Your task —
Please copy out the entries below exactly, beginning with the line that contains "set \<Rightarrow> 'a" and ending with the line that contains "using \<open>0 \<le> s\<close> by (intro", and include nothing outside that span.

Supplied data —
lemma class_mean_relative_error:
  fixes U Q P :: "'a set" and x z D :: real and m r k :: nat
  assumes U: "finite U" "Q \<subseteq> U" and hits: "\<And>A. A \<subseteq> Q \<Longrightarrow> card (A \<inter> P) \<le> 1"
    and r: "card Q \<le> r" "card ((U - Q) \<inter> P) \<le> r"
    and D: "0 < D" "D \<le> real (card U) - real (card Q) - real m"
    and z: "real r * real r * \<bar>x - 1\<bar> / D \<le> z" "z < 1" and x: "0 < x"
    and ne: "{E \<in> k_subsets U m. card (E \<inter> Q) = k} \<noteq> {}"
  shows "\<bar>measure_pmf.expectation (pmf_of_set {E \<in> k_subsets U m. card (E \<inter> Q) = k}) (\<lambda>E. x ^ card (E \<inter> P))
      / measure_pmf.expectation (pmf_of_set (k_subsets U m)) (\<lambda>E. x ^ card (E \<inter> P)) - 1\<bar>
    \<le> max 1 x / (min 1 x * (1 - z)) - 1"
proof -
  define g where "g k = measure_pmf.expectation (pmf_of_set {E \<in> k_subsets U m. card (E \<inter> Q) = k})
    (\<lambda>E. x ^ card (E \<inter> P))" for k
  define c where "c = min 1 x * (1 - z) / max 1 x"
  have "0 \<le> z"
    using z(1) D(1) by (meson abs_ge_zero divide_nonneg_pos mult_nonneg_nonneg of_nat_0_le_iff order_trans)
  have "min 1 x * (1 - z) \<le> min 1 x"
    using \<open>0 \<le> z\<close> x by (intro mult_left_le) auto
  also have "\<dots> \<le> max 1 x" by auto
  finally have c: "0 < c" "c \<le> 1"
    using x z(2) by (simp_all add: c_def)
  have S: "finite (k_subsets U m)" "k_subsets U m \<noteq> {}"
    using finite_k_subsets[OF U(1)] ne by auto
  have cmp: "c * g k \<le> g k' \<and> g k' \<le> g k / c"
    if "k' \<in> (\<lambda>E. card (E \<inter> Q)) ` k_subsets U m" for k'
  proof -
    from that have ne': "{E \<in> k_subsets U m. card (E \<inter> Q) = k'} \<noteq> {}" by auto
    have "c * g k \<le> g k'" "c * g k' \<le> g k"
      unfolding c_def g_def using z x
      by (intro class_means_comparable[OF U hits r D] ne ne'; simp)+
    with c show ?thesis by (simp add: le_divide_eq mult.commute)
  qed
  have avg: "c * g k \<le> measure_pmf.expectation (pmf_of_set (k_subsets U m)) (\<lambda>E. x ^ card (E \<inter> P))
      \<and> measure_pmf.expectation (pmf_of_set (k_subsets U m)) (\<lambda>E. x ^ card (E \<inter> P)) \<le> g k / c"
    using expectation_pmf_of_set_between_class_means[OF S, where f = "\<lambda>E. card (E \<inter> Q)" and a = "c * g k" and b = "g k / c"] cmp
    unfolding g_def by blast
  have fin: "finite {E \<in> k_subsets U m. card (E \<inter> Q) = k}"
    using S(1) by simp
  have "0 < g k"
    unfolding g_def integral_pmf_of_set[OF ne fin] using ne fin x
    by (intro divide_pos_pos sum_pos) (auto simp: card_gt_0_iff)
  then have "\<bar>g k / measure_pmf.expectation (pmf_of_set (k_subsets U m)) (\<lambda>E. x ^ card (E \<inter> P)) - 1\<bar> \<le> 1 / c - 1"
    using c avg by (intro abs_divide_minus_one_le) (auto simp: le_divide_eq mult.commute)
  then show ?thesis
    unfolding g_def c_def by simp
qed
lemma mem_top_face_if_C_cone:
  assumes "(p, w) \<in> C_cone" and "height p = w"
  shows "(p, w) \<in> top_face"
proof -
  obtain c q where "0 \<le> c" "q \<in> C_set" and "(p, w) = c *\<^sub>R (q, 1)"
    using assms(1) unfolding C_cone_def cone_of_def by blast
  then have pw: "p = c *\<^sub>R q" "w = c"
    by simp_all
  with \<open>height p = w\<close> have "c * height q = c"
    by simp
  show "(p, w) \<in> top_face"
  proof (cases "c = 0")
    case False
    with \<open>c * height q = c\<close> have "q \<in> C_set \<inter> {p. height p = 1}"
      using \<open>q \<in> C_set\<close> by simp
    then have "norm (horiz q) \<le> 1"
      unfolding C_set_Int_top by (auto simp: top_point_def horiz_def)
    with \<open>0 \<le> c\<close> have "norm (horiz p) \<le> w"
      by (simp add: pw mult_left_le)
    with \<open>c * height q = c\<close> show ?thesis
      by (simp add: top_face_def pw)
  qed (simp add: top_face_def pw)
qed

lemma top_face_eq: "top_face = {X \<in> C_cone. height (fst X) = snd X}"
  using top_face_subset_C_cone mem_top_face_if_C_cone by (auto simp: top_face_def)

lemma closed_top_face: "closed top_face"
  unfolding top_face_def case_prod_unfold horiz_def height_def
  by (intro closed_Collect_conj closed_Collect_eq closed_Collect_le continuous_intros)

lemma is_face_top_face: "is_face top_face C_cone"
proof (rule is_face_if_closed_face_of[OF closed_top_face])
  have inner: "((0, 0, 1), -1) \<bullet> X = height (fst X) - snd X" for X :: "(real \<times> real \<times> real) \<times> real"
    by (cases X) (simp add: inner_height)
  have "top_face = C_cone \<inter> {X. ((0, 0, 1), -1) \<bullet> X = 0}"
    unfolding top_face_eq inner by auto
  also have "\<dots> face_of C_cone"
  proof (intro face_of_Int_supporting_hyperplane_le convex_C_cone)
    show "((0, 0, 1), -1) \<bullet> X \<le> 0" if "X \<in> C_cone" for X
      using that height_le_if_C_cone[of "fst X" "snd X"] by (simp add: inner)
  qed
  finally show "top_face face_of C_cone" .
qed

lemma span_top_face: "(p, height p) \<in> span top_face"
proof -
  define n where "n = norm (horiz p) + \<bar>height p\<bar>"
  define e :: "real \<times> real \<times> real" where "e = (0, 0, 1)"
  have "horiz e = 0" "height e = 1"
    by (simp_all add: e_def zero_prod_def)
  moreover have "0 \<le> n" "norm (horiz p) \<le> height p + n"
    unfolding n_def by (simp, linarith)
  ultimately have "(p + n *\<^sub>R e, height p + n) \<in> top_face" "(n *\<^sub>R e, n) \<in> top_face"
    by (simp_all add: top_face_def)
  then have "(p + n *\<^sub>R e, height p + n) - (n *\<^sub>R e, n) \<in> span top_face"
    by (intro span_diff span_base)
  then show ?thesis
    by simp
qed

lemma infdist_top_face_ge: "(norm (horiz p) - w) / 2 \<le> infdist (p, w) top_face"
proof -
  have bound: "(norm (horiz p) - w) / 2 \<le> dist (p, w) (q, u)" if "(q, u) \<in> top_face" for q u
  proof -
    have "norm (horiz q) \<le> u"
      using that by (simp add: top_face_def)
    have "dist (horiz p) (horiz q) \<le> dist (p, w) (q, u)"
      using dist_horiz_le[of p q] dist_fst_le[of "(p, w)" "(q, u)"] by simp
    moreover have "u - w \<le> dist (p, w) (q, u)"
      using dist_snd_le[of "(p, w)" "(q, u)"] by (simp add: dist_real_def)
    moreover have "norm (horiz p) \<le> dist (horiz p) (horiz q) + norm (horiz q)"
      using norm_triangle_sub[of "horiz p" "horiz q"] by (simp add: dist_norm add.commute)
    ultimately have "norm (horiz p) - w \<le> 2 * dist (p, w) (q, u)"
      using \<open>norm (horiz q) \<le> u\<close> by linarith
    then show ?thesis
      by simp
  qed
  have "(0, 0) \<in> top_face"
    by (simp add: top_face_def)
  then have "top_face \<noteq> {}"
    by blast
  then show ?thesis
    unfolding infdist_notempty[OF \<open>top_face \<noteq> {}\<close>]
    by (rule cINF_greatest) (metis bound prod.collapse)
qed

lemma distances_above_gamma_curve:
  assumes "0 \<le> t" and "t \<le> pi / 2"
  defines "X \<equiv> (top_point (horiz (gamma_curve t)), 1)"
  shows "X \<in> span top_face"
    and "(sin t)\<^sup>2 \<le> infdist X top_face"
    and "infdist X C_cone \<le> 3/2 * sin t ^ 4"
proof -
  obtain a b h where gamma: "gamma_curve t = (a, b, h)"
    by (metis prod.collapse)
  then have X: "X = ((a, b, 1), 1)"
    by (simp add: X_def)
  show "X \<in> span top_face"
    using span_top_face[of "(a, b, 1)"] by (simp add: X)
  show "(sin t)\<^sup>2 \<le> infdist X top_face"
    using infdist_top_face_ge[of "(a, b, 1)" 1] norm_horiz_gamma_curve_ge[of t] by (simp add: X gamma)
  have "gamma_curve t \<in> C_set"
    unfolding C_set_eq_convex_hull C_generators_def
    by (rule hull_inc) (use assms pi_gt_zero in auto)
  then have "h \<le> 1"
    using height_le_one_if_C_set by (fastforce simp: gamma)
  have "(gamma_curve t, 1) \<in> C_cone"
    using scaleR_mem_C_cone[OF \<open>gamma_curve t \<in> C_set\<close>, of 1] by simp
  then have "infdist X C_cone \<le> dist X (gamma_curve t, 1)"
    by (rule infdist_le)
  also have "\<dots> = 1 - h"
    using \<open>h \<le> 1\<close> by (simp add: X gamma dist_Pair_Pair dist_real_def)
  also have "\<dots> \<le> 3/2 * sin t ^ 4"
    using height_gamma_curve_ge[of t] assms cos_ge_zero[of t] by (simp add: gamma)
  finally show "infdist X C_cone \<le> 3/2 * sin t ^ 4" .
qed
(* Let $\sigma$ be one of the semantics $\mathit{cf2}$, $\mathit{stg2}$, $\mathit{tfcf2}$, $\mathit{cf1.5}$, $\mathit{tfstg2}$, $\mathit{stg1.5}$. Then $\sigma(\mathcal{F})\subseteq\mathit{na}(\mathcal{F})$ for every argumentation framework $\mathcal{F}$. Consequently $\sigma$ satisfies the I-maximality criterion and the CF-reinstatement criterion.
   Context: An argumentation framework (AF) is $\mathcal{F}=(A_{\mathcal{F}},R_{\mathcal{F}})$ with $R_{\mathcal{F}}\subseteq A_{\mathcal{F}}\times A_{\mathcal{F}}$ (possibly infinite); $a\rightarrow b$ means $(a,b)\in R_{\mathcal{F}}$. $\mathcal{F}|_B=(A_{\mathcal{F}}\cap B,R_{\mathcal{F}}\cap(B\times B))$. Conflict-free: no $a,b\in S$ with $a\rightarrow b$. $\mathit{na}(\mathcal{F})$ = set of naive extensions ($\subseteq$-maximal conflict-free sets). $S^\oplus=S\cup\{x:\exists y\in S,\ y\rightarrow x\}$; stage extension: conflict-free $S$ with no conflict-free $T$ such that $S^\oplus\subsetneq T^\oplus$. $S$ defends $a$ if every attacker of $a$ is attacked by some element of $S$. I-maximality: for all $\mathcal{F}$ and $S_1,S_2\in\sigma(\mathcal{F})$, $S_1\subseteq S_2$ implies $S_1=S_2$. CF-reinstatement: for all $\mathcal{F}$ and $S\in\sigma(\mathcal{F})$, if $S$ defends $a$ and $S\cup\{a\}$ is conflict-free then $a\in S$. $\mathrm{SCC}(\mathcal{F})$, $\mathrm{SCC}(a)$: strongly connected components of the attack graph (paths possibly of length 0). $D_S(X)=\{b\in X:\exists a\in S\setminus X,\ a\rightarrow b\}$. $\mathit{cf2}$: $S\in\mathit{cf2}(\mathcal{F})$ iff either $|\mathrm{SCC}(\mathcal{F})|=1$ and $S$ is naive in $\mathcal{F}$, or $|\mathrm{SCC}(\mathcal{F})|\ne1$ and for each $X\in\mathrm{SCC}(\mathcal{F})$, $S\cap X\in\mathit{cf2}(\mathcal{F}|_{X\setminus D_S(X)})$, recursively; $S$ is a member only when this recursion is well-founded (no infinite chain of recursive calls) and succeeds. $\mathit{stg2}$: same with stage for naive. $\mathit{tfcf2}$/$\mathit{tfstg2}$: $C^0_S(a)=\mathrm{SCC}(a)$; $C^{\alpha+1}_S(a)$ = component of $a$ in $\mathcal{F}|_{C^\alpha_S(a)\setminus D_S(C^\alpha_S(a))}$ (empty if $a$ not there); for limit $\lambda$, $C^\lambda_S(a)$ = component of $a$ in $\mathcal{F}|_{\bigcap_{\alpha<\lambda}C^\alpha_S(a)}$; $\alpha_S(a)$ = least $\alpha$ with $a\notin C^\alpha_S(a)$ or $C^{\alpha+1}_S(a)=C^\alpha_S(a)$; $S\in\mathit{tfcf2}(\mathcal{F})$ (resp. $\mathit{tfstg2}$) iff $S$ conflict-free and for each $a$, $a\notin C^{\alpha_S(a)}_S(a)$ or $S\cap C^{\alpha_S(a)}_S(a)$ is naive (resp. stage) in $\mathcal{F}|_{C^{\alpha_S(a)}_S(a)}$. $\mathit{cf1.5}$/$\mathit{stg1.5}$: $S$ conflict-free and for each $X\in\mathrm{SCC}(\mathcal{F})$, $S\cap X$ is naive (resp. stage) in $\mathcal{F}|_{X\setminus D_S(X)}$. *)

theory Defs
  imports Main
begin

type_synonym 'a af = "'a set \<times> ('a \<times> 'a) set"

definition args :: "'a af \<Rightarrow> 'a set" where "args F = fst F"
definition att :: "'a af \<Rightarrow> ('a \<times> 'a) set" where "att F = snd F"

definition wf_af :: "'a af \<Rightarrow> bool" where
  "wf_af F \<longleftrightarrow> att F \<subseteq> args F \<times> args F"

definition restr :: "'a af \<Rightarrow> 'a set \<Rightarrow> 'a af" where
  "restr F B = (args F \<inter> B, att F \<inter> (B \<times> B))"
lemma dist_in_cube_le:
  fixes l x y :: "real ^ 'n"
  assumes "x \<in> cbox l (l + s *\<^sub>R 1)" "y \<in> cbox l (l + s *\<^sub>R 1)"
  shows "dist x y \<le> s * sqrt (real CARD('n))"
proof -
  have "0 \<le> s"
    using assms by (auto simp: mem_box_cart)
  have "dist x y \<le> diameter (cbox l (l + s *\<^sub>R 1))"
    using assms by (intro diameter_bounded_bound) auto
  also have "\<dots> = dist l (l + s *\<^sub>R 1)"
    using \<open>0 \<le> s\<close> by (intro diameter_cbox) (auto simp: Basis_vec_def inner_add_left inner_axis)
  also have "\<dots> = s * sqrt (real CARD('n))"
    using \<open>0 \<le> s\<close> by (simp add: dist_norm norm_vec_def L2_set_def real_sqrt_mult)
  finally show ?thesis .
qed

lemma measure_lebesgue_cube:
  fixes l :: "real ^ 'n"
  assumes "0 \<le> s"
  shows "measure lebesgue (cbox l (l + s *\<^sub>R 1)) = s ^ CARD('n)"
proof -
  have "l \<in> cbox l (l + s *\<^sub>R 1)"
    using assms by (simp add: mem_box_cart)
  then have "cbox l (l + s *\<^sub>R 1) \<noteq> {}"
    by blast
  then show ?thesis
    by (simp add: content_cbox_cart)
qed

lemma subcube_of_unit_cube:
  fixes x :: "real ^ 'n"
  assumes "x \<in> unit_cube" "0 < s" "s \<le> 1"
  obtains l where "x \<in> cbox l (l + s *\<^sub>R 1)" "cbox l (l + s *\<^sub>R 1) \<subseteq> unit_cube"
proof
  define l :: "real ^ 'n" where "l = (\<chi> i. max 0 (x $ i - s))"
  have x: "0 \<le> x $ i" "x $ i \<le> 1" for i
    using assms by (auto simp: unit_cube_def mem_box_cart)
  show "x \<in> cbox l (l + s *\<^sub>R 1)"
    using x assms by (auto simp: l_def mem_box_cart)
  have "max 0 (x $ i - s) + s \<le> 1" for i
    using x[of i] assms by (simp add: max_def)
  then show "cbox l (l + s *\<^sub>R 1) \<subseteq> unit_cube"
    using x by (auto simp: l_def mem_box_cart unit_cube_def) (meson order_trans)
qed

lemma compact_unit_cube: "compact unit_cube"
  unfolding unit_cube_def by simp

lemma unit_cube_nonempty: "unit_cube \<noteq> {}"
proof -
  have "0 \<in> unit_cube"
    by (simp add: unit_cube_def mem_box_cart)
  then show ?thesis
    by blast
qed

lemma unit_cube_lmeasurable: "unit_cube \<in> lmeasurable"
  unfolding unit_cube_def by simp

lemma measure_unit_cube: "measure lebesgue (unit_cube :: (real ^ 'n) set) = 1"
  using measure_lebesgue_cube[of 1 "0 :: real ^ 'n"] by (simp add: unit_cube_def)

lemma finite_measure_unit_cube: "finite_measure (lebesgue_on unit_cube)"
  using unit_cube_lmeasurable by (rule finite_measure_lebesgue_on)

lemma measure_lebesgue_on_unit_cube_subset:
  "A \<subseteq> unit_cube \<Longrightarrow> A \<in> sets lebesgue \<Longrightarrow> measure (lebesgue_on unit_cube) A = measure lebesgue A"
  using unit_cube_lmeasurable by (intro measure_restrict_space) auto

lemma measure_lebesgue_on_unit_cube:
  "measure (lebesgue_on unit_cube) (unit_cube :: (real ^ 'n) set) = 1"
  by (metis fmeasurableD measure_lebesgue_on_unit_cube_subset measure_unit_cube order_refl
      unit_cube_lmeasurable)

lemma emeasure_lebesgue_on_unit_cube:
  "emeasure (lebesgue_on unit_cube) (unit_cube :: (real ^ 'n) set) = 1"
  by (simp add: finite_measure.emeasure_eq_measure[OF finite_measure_unit_cube]
      measure_lebesgue_on_unit_cube)

lemma continuous_on_unit_cube_measurable:
  "continuous_on unit_cube h \<Longrightarrow> h \<in> borel_measurable (lebesgue_on unit_cube)"
  using continuous_imp_measurable_on_sets_lebesgue unit_cube_lmeasurable by blast

lemma Zpart_eq_integral: "Zpart h = (\<integral>x. exp (h x) \<partial>lebesgue_on unit_cube)"
  unfolding Zpart_def set_lebesgue_integral_def
  using unit_cube_lmeasurable by (subst integral_restrict_space) auto

lemma Zpart_le_exp:
  fixes h :: "real ^ 'n \<Rightarrow> real"
  assumes "h \<in> borel_measurable (lebesgue_on unit_cube)" "\<And>x. x \<in> unit_cube \<Longrightarrow> h x \<le> c"
  shows "Zpart h \<le> exp c"
proof -
  interpret finite_measure "lebesgue_on (unit_cube :: (real ^ 'n) set)"
    by (rule finite_measure_unit_cube)
  have "integrable (lebesgue_on unit_cube) (\<lambda>x. exp (h x))"
    using assms by (intro integrable_const_bound[where B = "exp c"]) auto
  then have "Zpart h \<le> (\<integral>x. exp c \<partial>lebesgue_on (unit_cube :: (real ^ 'n) set))"
    unfolding Zpart_eq_integral using assms(2) by (intro integral_mono) simp_all
  also have "\<dots> = exp c"
    using measure_lebesgue_on_unit_cube by simp
  finally show ?thesis .
qed

lemma exp_mult_measure_le_Zpart:
  fixes h :: "real ^ 'n \<Rightarrow> real"
  assumes "h \<in> borel_measurable (lebesgue_on unit_cube)" "\<And>x. x \<in> unit_cube \<Longrightarrow> h x \<le> B"
    and "Q \<in> sets lebesgue" "Q \<subseteq> unit_cube" "\<And>x. x \<in> Q \<Longrightarrow> c \<le> h x"
  shows "exp c * measure lebesgue Q \<le> Zpart h"
proof -
  interpret finite_measure "lebesgue_on (unit_cube :: (real ^ 'n) set)"
    by (rule finite_measure_unit_cube)
  have Q: "Q \<in> sets (lebesgue_on unit_cube)"
    using assms(3,4) unit_cube_lmeasurable by (subst sets_restrict_space_iff) auto
  have "exp c * measure lebesgue Q = (\<integral>x. indicator Q x * exp c \<partial>lebesgue_on unit_cube)"
    using assms(4) measure_lebesgue_on_unit_cube_subset[OF assms(4,3)] by (simp add: Int_absorb2)
  also have "\<dots> \<le> Zpart h"
    unfolding Zpart_eq_integral
  proof (rule integral_mono)
    show "integrable (lebesgue_on unit_cube) (\<lambda>x. indicator Q x * exp c)"
      using Q by (intro integrable_const_bound[where B = "exp c"]) (auto simp: indicator_def)
    show "integrable (lebesgue_on unit_cube) (\<lambda>x. exp (h x))"
      using assms(1,2) by (intro integrable_const_bound[where B = "exp B"]) auto
  qed (auto simp: indicator_def assms(5))
  finally show ?thesis .
qed

lemma Zpart_pos:
  fixes h :: "real ^ 'n \<Rightarrow> real"
  assumes "continuous_on unit_cube h"
  shows "0 < Zpart h"
proof -
  obtain B where B: "\<And>x. x \<in> unit_cube \<Longrightarrow> \<bar>h x\<bar> \<le> B"
    using compact_imp_bounded[OF compact_continuous_image[OF assms compact_unit_cube]]
    by (auto simp: bounded_iff)
  have "exp (- B) * measure lebesgue (unit_cube :: (real ^ 'n) set) \<le> Zpart h"
  proof (rule exp_mult_measure_le_Zpart)
    show "h \<in> borel_measurable (lebesgue_on unit_cube)"
      using assms by (rule continuous_on_unit_cube_measurable)
    show "unit_cube \<in> sets lebesgue"
      using unit_cube_lmeasurable by (rule fmeasurableD)
    show "h x \<le> B" "- B \<le> h x" if "x \<in> unit_cube" for x
      using B[OF that] by linarith+
  qed simp
  then have "exp (- B) \<le> Zpart h"
    by (simp add: measure_unit_cube)
  then show ?thesis
    by (meson exp_gt_zero less_le_trans)
qed

lemma eps_Lpart_le_Sup:
  fixes f :: "real ^ 'n \<Rightarrow> real"
  assumes "continuous_on unit_cube f" "0 < \<epsilon>"
  shows "\<epsilon> * Lpart (\<lambda>x. f x / \<epsilon>) \<le> Sup (f ` unit_cube)"
proof -
  have cont: "continuous_on unit_cube (\<lambda>x. f x / \<epsilon>)"
    using assms by (intro continuous_intros) auto
  have "bdd_above (f ` unit_cube)"
    using compact_imp_bounded[OF compact_continuous_image[OF assms(1) compact_unit_cube]]
    by (rule bounded_imp_bdd_above)
  then have "Zpart (\<lambda>x. f x / \<epsilon>) \<le> exp (Sup (f ` unit_cube) / \<epsilon>)"
    using assms(2) by (intro Zpart_le_exp continuous_on_unit_cube_measurable cont)
       (auto intro: divide_right_mono cSUP_upper)
  then have "Lpart (\<lambda>x. f x / \<epsilon>) \<le> Sup (f ` unit_cube) / \<epsilon>"
    unfolding Lpart_def using Zpart_pos[OF cont] by (metis exp_gt_zero ln_exp ln_le_cancel_iff)
  then show ?thesis
    using assms(2) by (simp add: field_simps)
qed

lemma Sup_le_eps_Lpart:
  fixes f :: "real ^ 'n \<Rightarrow> real"
  assumes lip: "K-lipschitz_on unit_cube f" and "0 < \<epsilon>" "0 < s" "s \<le> 1"
  shows "Sup (f ` unit_cube)
           \<le> \<epsilon> * Lpart (\<lambda>x. f x / \<epsilon>) + K * s * sqrt (real CARD('n)) - \<epsilon> * CARD('n) * ln s"
proof -
  have cont: "continuous_on unit_cube f"
    using lip by (rule lipschitz_on_continuous_on)
  obtain x\<^sub>0 where x\<^sub>0: "x\<^sub>0 \<in> unit_cube" "\<And>x. x \<in> unit_cube \<Longrightarrow> f x \<le> f x\<^sub>0"
    using continuous_attains_sup[OF compact_unit_cube unit_cube_nonempty cont] by blast
  have Sup: "Sup (f ` unit_cube) = f x\<^sub>0"
    using x\<^sub>0 by (intro cSup_eq_maximum) auto
  obtain l where l: "x\<^sub>0 \<in> cbox l (l + s *\<^sub>R 1)" "cbox l (l + s *\<^sub>R 1) \<subseteq> unit_cube"
    using subcube_of_unit_cube[OF x\<^sub>0(1) assms(3,4)] .
  define c where "c = (f x\<^sub>0 - K * s * sqrt (real CARD('n))) / \<epsilon>"
  have lower: "c \<le> f x / \<epsilon>" if x: "x \<in> cbox l (l + s *\<^sub>R 1)" for x
  proof -
    have "f x\<^sub>0 - K * (s * sqrt (real CARD('n))) \<le> f x"
      using lipschitz_on_ge_minus[OF lip _ _ dist_in_cube_le[OF x l(1)]] x l by blast
    then show ?thesis
      using assms(2) by (simp add: c_def divide_right_mono)
  qed
  have "exp c * measure lebesgue (cbox l (l + s *\<^sub>R 1)) \<le> Zpart (\<lambda>x. f x / \<epsilon>)"
  proof (rule exp_mult_measure_le_Zpart[where B = "f x\<^sub>0 / \<epsilon>"])
    show "(\<lambda>x. f x / \<epsilon>) \<in> borel_measurable (lebesgue_on unit_cube)"
      using continuous_on_unit_cube_measurable[OF cont] by measurable
    show "f x / \<epsilon> \<le> f x\<^sub>0 / \<epsilon>" if "x \<in> unit_cube" for x
      using x\<^sub>0(2)[OF that] assms(2) by (simp add: divide_right_mono)
  qed (use l(2) lower in auto)
  then have "exp c * s ^ CARD('n) \<le> Zpart (\<lambda>x. f x / \<epsilon>)"
    using measure_lebesgue_cube[of s l] assms(3) by simp
  moreover have "0 < exp c * s ^ CARD('n)"
    using assms(3) by simp
  ultimately have "ln (exp c * s ^ CARD('n)) \<le> Lpart (\<lambda>x. f x / \<epsilon>)"
    unfolding Lpart_def by (intro ln_mono) auto
  then have "c + CARD('n) * ln s \<le> Lpart (\<lambda>x. f x / \<epsilon>)"
    using assms(3) by (simp add: ln_mult ln_realpow)
  then show ?thesis
    unfolding Sup using assms(2) by (simp add: c_def field_simps)
qed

Answer area —
definition restr :: "'a af \<Rightarrow> 'a set \<Rightarrow> 'a af" where
  "restr F B = (args F \<inter> B, att F \<inter> (B \<times> B))"
lemma dist_in_cube_le:
  fixes l x y :: "real ^ 'n"
  assumes "x \<in> cbox l (l + s *\<^sub>R 1)" "y \<in> cbox l (l + s *\<^sub>R 1)"
  shows "dist x y \<le> s * sqrt (real CARD('n))"
proof -
  have "0 \<le> s"
    using assms by (auto simp: mem_box_cart)
  have "dist x y \<le> diameter (cbox l (l + s *\<^sub>R 1))"
    using assms by (intro diameter_bounded_bound) auto
  also have "\<dots> = dist l (l + s *\<^sub>R 1)"
    using \<open>0 \<le> s\<close> by (intro diameter_cbox) (auto simp: Basis_vec_def inner_add_left inner_axis)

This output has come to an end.